In March 2017 I decided to give my liver a chance and give up alcohol for the month. Not only was I exhausted, but my Drunk Shopping was in danger of becoming embarrassing. The kids were loving the regular buckets of gummy bears, but the morning my internet search history revealed that I’d been looking for ‘wine pants’ (which don’t apparently exist, at least not in a form that Drunk Me was prepared to purchase) I decided enough was enough. I’d also accidentally friend requested a load of complete strangers on Facebook (swiping past the ‘friend recommendations’, I’d somehow managed to friend request them). I was getting kind of concerned (as well as grimly intrigued) about what Drunk Me would buy next.
Whilst the ease with which I stopped drinking reassured me that I wasn’t spiralling into alcoholism, it was still uncomfortable being sober. This wasn’t because I wanted or needed alcohol but because it meant I had to live with the sharpness of what I was feeling on a daily basis.
I hate to say this, and I certainly wouldn’t recommend it, but in some ways the cliché that is ‘drinking to numb the pain’ actually works – to an extent. Drinking in the evenings blocked out the hurt I was feeling and let me pretend to be ok for just a few hours. However, alcohol’s anxiety increasing properties meant that drinking certainly didn’t help during the Dark Hours – that desperate time between 1am and 5am – when I was wide awake, staring at the ceiling, heart racing, palms sweating and my brain running over every detail of what had happened and what might happen next. Without alcohol I was better able to cope with those Dark Hours – I still lay awake thinking in tortured loops for hours, but that gut clawing sense of panic and anxiety were lessened slightly, meaning I could face the next day without being exhausted by the night’s ‘sleep’ I’d just experienced.
Not drinking had also given everything back its edges – including my sense of hurt. Not drinking had sharpened my senses and I became much more angry than I had ever been before. When I had discovered E’s first affair it was like a loss of innocence – until that February morning in 2008, when I’d found all of those texts on his phone, I’d had an almost childlike belief in E, and in our relationship – in that moment something very precious had died and I knew my life would never be the same again. Now, nine years later, I felt that all the years that I’d invested in our relationship after that first affair were a pointless, soul-less, waste of time. I’d lived under the oppressive shadow of that first affair, and the way it made me feel physically and mentally, for all that time. I’d tried so hard to move on and not make it an issue. I’d tried so hard to get things right. I felt so stupid.

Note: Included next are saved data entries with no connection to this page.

(* Let $f:\mathbb{R}^d\to\mathbb{R}$ be twice differentiable, $m$-strongly convex and $L$-smooth ($0<m\le L$), with unique minimizer $x_\star$. Let $(\mathcal{G}_k)_{k\ge 0}$ be a filtration and, for each $k\ge 0$, let $\varepsilon_{k+1}(\cdot)$ be a $\mathcal{G}_{k+1}$-measurable random field on $\mathbb{R}^d$ with values in $\mathbb{R}^d$ such that $\mathbb{E}[\varepsilon_{k+1}(\zeta)\mid\mathcal{G}_k]=0$ for every $\zeta$, the fields $\{\varepsilon_k\}_{k>0}$ being independent and identically distributed. Let $a_k>0$ and $A_k=\sum_{i=1}^k a_i$. For $k\ge1$ set $\phi_k(x)=\sum_{i=1}^k\frac{a_i m}{2}\|x-x_i\|^2$, so that its convex conjugate satisfies $\nabla\phi_k^\star(z)=\dfrac{z+m\sum_{i=1}^k a_ix_i}{A_km}$. Let $(x_k,y_k,z_k)_{k\ge1}$ be iterates of the implicit accelerated dual averaging method, i.e. (with $x_k$ $\mathcal{G}_k$-measurable) for all $k\ge1$, $$x_k=\frac{A_{k-1}}{A_k}y_{k-1}+\frac{a_k}{A_k}\nabla\phi_k^\star(z_{k-1}),\quad \omega_k=\nabla f(x_k)+\varepsilon_{k+1}(x_k),\quad z_k=z_{k-1}-a_k\omega_k,\quad y_k=\frac{A_{k-1}}{A_k}y_{k-1}+\frac{a_k}{A_k}\nabla\phi_k^\star(z_k).$$ Define $U_k=f(y_k)$, $$L_k=\frac{1}{A_k}\Big[\sum_{i=1}^k a_i\big(f(x_i)-\varepsilon_{i+1}(x_i)^\top(x_\star-x_i)\big)+\min_x\sum_{i=1}^k a_i\Big(\omega_i^\top(x-x_i)+\frac m2\|x-x_i\|^2\Big)\Big],$$ and $G_k=U_k-L_k$. Writing $\gamma_k=a_k/A_k$, for every $k\ge2$, $$\mathbb{E}[G_k]\le(1-\gamma_k)\mathbb{E}[G_{k-1}]-m_k\,\mathbb{E}\|\nabla f(x_k)\|^2+n_k\,\mathbb{E}\|\varepsilon_{k+1}(x_k)\|^2,$$ where $m_k=\Big(\frac m2-\frac{\gamma_k^2L}{2}\Big)\frac{\gamma_k^2}{m^2}$ and $n_k=\frac{\gamma_k^2}{m}-\Big(\frac m2-\frac{\gamma_k^2L}{2}\Big)\frac{\gamma_k^2}{m^2}$.
   Context: $\|\cdot\|$ is the Euclidean norm. A function is $m$-strongly convex and $L$-smooth if $f(x)+\nabla f(x)^\top(y-x)+\frac m2\|y-x\|^2\le f(y)\le f(x)+\nabla f(x)^\top(y-x)+\frac L2\|y-x\|^2$ for all $x,y$. The convex conjugate is $\psi^\star(z)=\max_x\{z^\top x-\psi(x)\}$. The paper phrases this result as: with $m_0=0$ the method has the "property of robustness" $\mathbb{E}[\mathcal{E}_{k+1}]\le(1-r_k)\mathbb{E}[\mathcal{E}_k]-m_k\mathbb{E}\|\nabla f(\zeta_k)\|^2+n_k\mathbb{E}\|\varepsilon_{k+1}(\zeta_k)\|^2$ with $\mathcal{E}_k=G_k$, $r_k=a_k/A_k$. *)

theory Defs
  imports "HOL-Analysis.Analysis" "HOL-Probability.Probability"
begin

definition cumw :: "(nat \<Rightarrow> real) \<Rightarrow> nat \<Rightarrow> real" where
  "cumw a k = (\<Sum>i=1..k. a i)"

definition phi :: "real \<Rightarrow> (nat \<Rightarrow> real) \<Rightarrow> (nat \<Rightarrow> 'v::real_inner) \<Rightarrow> nat \<Rightarrow> 'v \<Rightarrow> real" where
  "phi m a xs k x = (\<Sum>i=1..k. a i * m / 2 * (norm (x - xs i))\<^sup>2)"

text \<open>The gradient of the convex conjugate of phi_k, by the explicit formula stated in
  the paper: (z + m sum_{i=1}^k a_i x_i) / (A_k m).\<close>
definition phi_conj_grad :: "real \<Rightarrow> (nat \<Rightarrow> real) \<Rightarrow> (nat \<Rightarrow> 'v::real_vector) \<Rightarrow> nat \<Rightarrow> 'v \<Rightarrow> 'v" where
  "phi_conj_grad m a xs k z = (1 / (cumw a k * m)) *\<^sub>R (z + m *\<^sub>R (\<Sum>i=1..k. a i *\<^sub>R xs i))"

definition strongly_convex_smooth ::
  "real \<Rightarrow> real \<Rightarrow> ('v::real_inner \<Rightarrow> real) \<Rightarrow> ('v \<Rightarrow> 'v) \<Rightarrow> bool" where
  "strongly_convex_smooth m L f df \<longleftrightarrow>
     (\<forall>x y. f x + df x \<bullet> (y - x) + m / 2 * (norm (y - x))\<^sup>2 \<le> f y \<and>
            f y \<le> f x + df x \<bullet> (y - x) + L / 2 * (norm (y - x))\<^sup>2)"

end

(*
  Pointwise in the sample, the gap satisfies
    G_k <= (1 - \<gamma>_k) G_{k-1} - m_k |grad f(x_k)|^2 + n_k |\<epsilon>_{k+1}(x_k)|^2 + \<epsilon>_{k+1}(x_k)^T H_k
  for a G_k-measurable vector H_k.  Since z_k = - sum_i a_i \<omega>_i (the implicit equation for x_1
  forces z_0 = 0), the quadratic model inside L_k is minimised exactly at grad phi_k^*(z_k), so L_k
  obeys an exact recursion in k.  U_k = f(y_k) is bounded above by L-smoothness, because
  y_k = x_k - (\<gamma>_k^2 / m) \<omega>_k, and f(y_{k-1}) below by convexity, because y_{k-1} - x_k is
  proportional to grad phi_{k-1}^*(z_{k-1}) - x_k; after expanding all squared norms what is left
  over is the nonnegative slack (m/2) \<gamma>_k (1 - \<gamma>_k) |grad phi_{k-1}^*(z_{k-1}) - x_k|^2.
  In expectation the cross term vanishes as E[\<epsilon>_{k+1}(x_k) | G_k] = 0.
*)
theory Submission
  imports Defs
begin

lemma cumw_Suc: "cumw a (Suc j) = cumw a j + a (Suc j)"
  by (simp add: cumw_def)

lemma cumw_pos:
  assumes "\<And>i. 1 \<le> i \<Longrightarrow> 0 < a i" and "1 \<le> j"
  shows "0 < cumw a j"
  unfolding cumw_def using assms by (intro sum_pos) auto

lemma phi_conj_grad_diff:
  "phi_conj_grad m a x j z1 - phi_conj_grad m a x j z2 = (1 / (cumw a j * m)) *\<^sub>R (z1 - z2)"
  by (simp add: phi_conj_grad_def algebra_simps)

definition quad_model ::
  "real \<Rightarrow> ('i \<Rightarrow> real) \<Rightarrow> ('i \<Rightarrow> 'v::real_inner) \<Rightarrow> ('i \<Rightarrow> 'v) \<Rightarrow> 'i set \<Rightarrow> 'v \<Rightarrow> real" where
  "quad_model m a x w I u = (\<Sum>i\<in>I. a i * (w i \<bullet> (u - x i) + m / 2 * (norm (u - x i))\<^sup>2))"

definition quad_model_argmin ::
  "real \<Rightarrow> ('i \<Rightarrow> real) \<Rightarrow> ('i \<Rightarrow> 'v::real_vector) \<Rightarrow> ('i \<Rightarrow> 'v) \<Rightarrow> 'i set \<Rightarrow> 'v" where
  "quad_model_argmin m a x w I =
     (1 / (sum a I * m)) *\<^sub>R (m *\<^sub>R (\<Sum>i\<in>I. a i *\<^sub>R x i) - (\<Sum>i\<in>I. a i *\<^sub>R w i))"

lemma quad_model_split:
  fixes x w :: "'i \<Rightarrow> 'v::real_inner"
  assumes A: "sum a I \<noteq> 0" and m: "m \<noteq> 0"
  defines "v \<equiv> quad_model_argmin m a x w I"
  shows "quad_model m a x w I u = quad_model m a x w I v + m * sum a I / 2 * (norm (u - v))\<^sup>2"
proof -
  have term_split: "a i * (w i \<bullet> (u - x i) + m / 2 * (norm (u - x i))\<^sup>2)
      = a i * (w i \<bullet> (v - x i) + m / 2 * (norm (v - x i))\<^sup>2)
        + (u - v) \<bullet> (a i *\<^sub>R w i + (a i * m) *\<^sub>R (v - x i)) + a i * m / 2 * (norm (u - v))\<^sup>2" for i
  proof -
    have norm_split: "(norm (u - x i))\<^sup>2
        = (norm (u - v))\<^sup>2 + 2 * ((u - v) \<bullet> (v - x i)) + (norm (v - x i))\<^sup>2"
      unfolding power2_norm_eq_inner
      by (simp add: inner_diff_left inner_diff_right inner_commute algebra_simps)
    have inner_split: "w i \<bullet> (u - x i) = w i \<bullet> (v - x i) + (u - v) \<bullet> w i"
      by (simp add: inner_diff_right inner_commute)
    show ?thesis
      unfolding norm_split inner_split inner_add_right inner_scaleR_right
      by (simp add: algebra_simps del: inner_diff_left inner_diff_right)
  qed
  have stationary: "(\<Sum>i\<in>I. a i *\<^sub>R w i + (a i * m) *\<^sub>R (v - x i)) = 0"
  proof -
    have "(sum a I * m) *\<^sub>R v = m *\<^sub>R (\<Sum>i\<in>I. a i *\<^sub>R x i) - (\<Sum>i\<in>I. a i *\<^sub>R w i)"
      unfolding v_def quad_model_argmin_def using A m by simp
    moreover have "(sum a I * m) *\<^sub>R v = (\<Sum>i\<in>I. (a i * m) *\<^sub>R v)"
      by (simp add: scaleR_sum_left sum_distrib_right)
    moreover have "m *\<^sub>R (\<Sum>i\<in>I. a i *\<^sub>R x i) = (\<Sum>i\<in>I. (a i * m) *\<^sub>R x i)"
      by (simp add: scaleR_sum_right mult.commute)
    ultimately show ?thesis
      by (simp add: sum.distrib scaleR_diff_right sum_subtractf)
  qed
  have "quad_model m a x w I u = quad_model m a x w I v
      + (u - v) \<bullet> (\<Sum>i\<in>I. a i *\<^sub>R w i + (a i * m) *\<^sub>R (v - x i)) + (\<Sum>i\<in>I. a i * m / 2 * (norm (u - v))\<^sup>2)"
    unfolding quad_model_def term_split sum.distrib inner_sum_right[symmetric] by simp
  also have "(\<Sum>i\<in>I. a i * m / 2 * (norm (u - v))\<^sup>2) = m * sum a I / 2 * (norm (u - v))\<^sup>2"
    by (simp add: sum_distrib_right[symmetric] sum_divide_distrib[symmetric]
        sum_distrib_left[symmetric] algebra_simps)
  finally show ?thesis unfolding stationary by simp
qed

lemma quad_model_Inf:
  assumes "0 < sum a I" and "0 < m"
  shows "(INF u. quad_model m a x w I u) = quad_model m a x w I (quad_model_argmin m a x w I)"
proof (rule cInf_eq_minimum)
  fix r assume "r \<in> range (quad_model m a x w I)"
  then obtain u where "r = quad_model m a x w I u" by blast
  then show "quad_model m a x w I (quad_model_argmin m a x w I) \<le> r"
    using quad_model_split[of a I m x w u] assms by simp
qed simp

text \<open>The lower estimate L_j of the paper, with w i = \<omega>_i and e i = \<epsilon>_{i+1}(x_i).\<close>
definition lower_estimate ::
  "real \<Rightarrow> (nat \<Rightarrow> real) \<Rightarrow> ('v::real_inner \<Rightarrow> real) \<Rightarrow> 'v \<Rightarrow> (nat \<Rightarrow> 'v) \<Rightarrow> (nat \<Rightarrow> 'v) \<Rightarrow> (nat \<Rightarrow> 'v)
    \<Rightarrow> nat \<Rightarrow> real" where
  "lower_estimate m a f xs x w e j =
     (1 / cumw a j) * ((\<Sum>i=1..j. a i * (f (x i) - e i \<bullet> (xs - x i)))
                      + (INF u. quad_model m a x w {1..j} u))"

lemma lower_estimate_eq:
  assumes "\<And>i. 1 \<le> i \<Longrightarrow> 0 < a i" and "1 \<le> j" and "0 < m"
  shows "lower_estimate m a f xs x w e j =
     ((\<Sum>i=1..j. a i * (f (x i) - e i \<bullet> (xs - x i)))
      + quad_model m a x w {1..j} (quad_model_argmin m a x w {1..j})) / cumw a j"
  using quad_model_Inf[of a "{1..j}" m x w] cumw_pos[of a j] assms
  unfolding lower_estimate_def cumw_def by simp

lemma strongly_convex_smooth_upper:
  "strongly_convex_smooth m L f df \<Longrightarrow> f q \<le> f p + df p \<bullet> (q - p) + L / 2 * (norm (q - p))\<^sup>2"
  unfolding strongly_convex_smooth_def by blast

lemma strongly_convex_smooth_lower:
  assumes "strongly_convex_smooth m L f df" and "0 \<le> m"
  shows "f p + df p \<bullet> (q - p) \<le> f q"
proof -
  have "f p + df p \<bullet> (q - p) + m / 2 * (norm (q - p))\<^sup>2 \<le> f q"
    using assms(1) unfolding strongly_convex_smooth_def by blast
  moreover have "0 \<le> m / 2 * (norm (q - p))\<^sup>2"
    using assms(2) by simp
  ultimately show ?thesis
    by linarith
qed

lemma strongly_convex_smooth_grad_bound:
  fixes f :: "'v::real_inner \<Rightarrow> real"
  assumes sc: "strongly_convex_smooth m L f df" and xmin: "\<And>u. f xs \<le> f u" and L: "0 < L"
  shows "norm (df u) \<le> L * norm (u - xs)"
proof -
  note smooth = strongly_convex_smooth_upper[OF sc]
  have descent: "f xs \<le> f p - (norm (df p))\<^sup>2 / (2 * L)" for p
  proof -
    have "f xs \<le> f (p - (1 / L) *\<^sub>R df p)" by (rule xmin)
    also have "\<dots> \<le> f p + df p \<bullet> (- (1 / L) *\<^sub>R df p) + L / 2 * (norm (- (1 / L) *\<^sub>R df p))\<^sup>2"
      using smooth[where p = p and q = "p - (1 / L) *\<^sub>R df p"] by simp
    also have "\<dots> = f p - (norm (df p))\<^sup>2 / (2 * L)"
      using L by (simp add: power2_norm_eq_inner[symmetric] power_mult_distrib power2_eq_square
          field_simps)
    finally show ?thesis .
  qed
  have "df xs = 0"
    using descent[of xs] L by (smt (verit) divide_pos_pos zero_less_norm_iff zero_less_power)
  then have "f u \<le> f xs + L / 2 * (norm (u - xs))\<^sup>2"
    using smooth[where p = xs and q = u] by simp
  with descent[of u] have "(norm (df u))\<^sup>2 / (2 * L) \<le> L / 2 * (norm (u - xs))\<^sup>2"
    by linarith
  then have "(norm (df u))\<^sup>2 \<le> (L * norm (u - xs))\<^sup>2"
    using L by (simp add: field_simps power_mult_distrib power2_eq_square)
  then show ?thesis
    using L by (simp add: power2_le_iff_abs_le)
qed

I also felt so much resentment and anger – why couldn’t he have just been honest after that first affair, or in fact after the others? Why did he effectively trap me in the relationship and deprive me of the chance to make a new life for myself? If he’d just been honest and just left after that first affair, the kids and I would have had time to get used to things. If he’d left after the second or even the third affair, I wouldn’t now be in the house with a massive mortgage that we bought when he came back from Singapore. Even if he’d left when he met P, I’d have had at least two more years to try and start a new life on my own. As it was, he’d spent nine years doing exactly what he wanted whilst lying to me and about me, and I’d wasted nine years of my life, literally thrown them away, believing I was in a relationship with someone who loved me.
I felt that he had denied me the right to make a new life for myself. If he’d left me after that first affair I would have been in my late thirties, living near my parents and sister, with the chance of maybe meeting someone else, and, vitally, with the opportunity to start rebuilding my career. Now I was in my late forties, living over 60 miles away from my family, and whilst I could start trying to rebuild my career, I’d lost so much time. I felt like he’d robbed me of nine years of my life.
However, despite forcing me to confront how I felt about what had happened (or perhaps because of it) not drinking did put me on a more even keel emotionally. Ironically, one of the things that I’d tortured myself about during the Dark Hours was the fact that I was drinking too much. Now that I’d stopped drinking, I was able to start a ‘things that I’ve done right’ list to counter the ‘everything you’ve done wrong since you were 18’ list that my brain was throwing at me every night. I started reciting a list of ‘things I achieved today’ to myself as I went to sleep. This list would include things like ‘got out of bed and got dressed’ – because most days that was an achievement. It would also include the little things like ‘didn’t text E when Youngest Daughter came home from school in tears’ – because, trust me, that really took some self-discipline.
Alongside the not drinking, I’d also decided to try and take care of myself a little bit more. Although I’m usually pretty healthy, a nd despite the incredibly healthy purchases Drunk Me had made in a alcohol fuelled ‘must be better’ haze over the last couple of months I’d pretty much lived off gummy bears, pizza and chardonnay. I started walking 4-5k a day and got my fruit and veg consumption back on track. I was still struggling emotionally – the slightest thing going wrong, or even just not as planned, could still send me into a spiral of stomach plunging, heart palpitating, anxiety – but I was beginning to feel like I was Me again. Only this was a New Me – Me without E.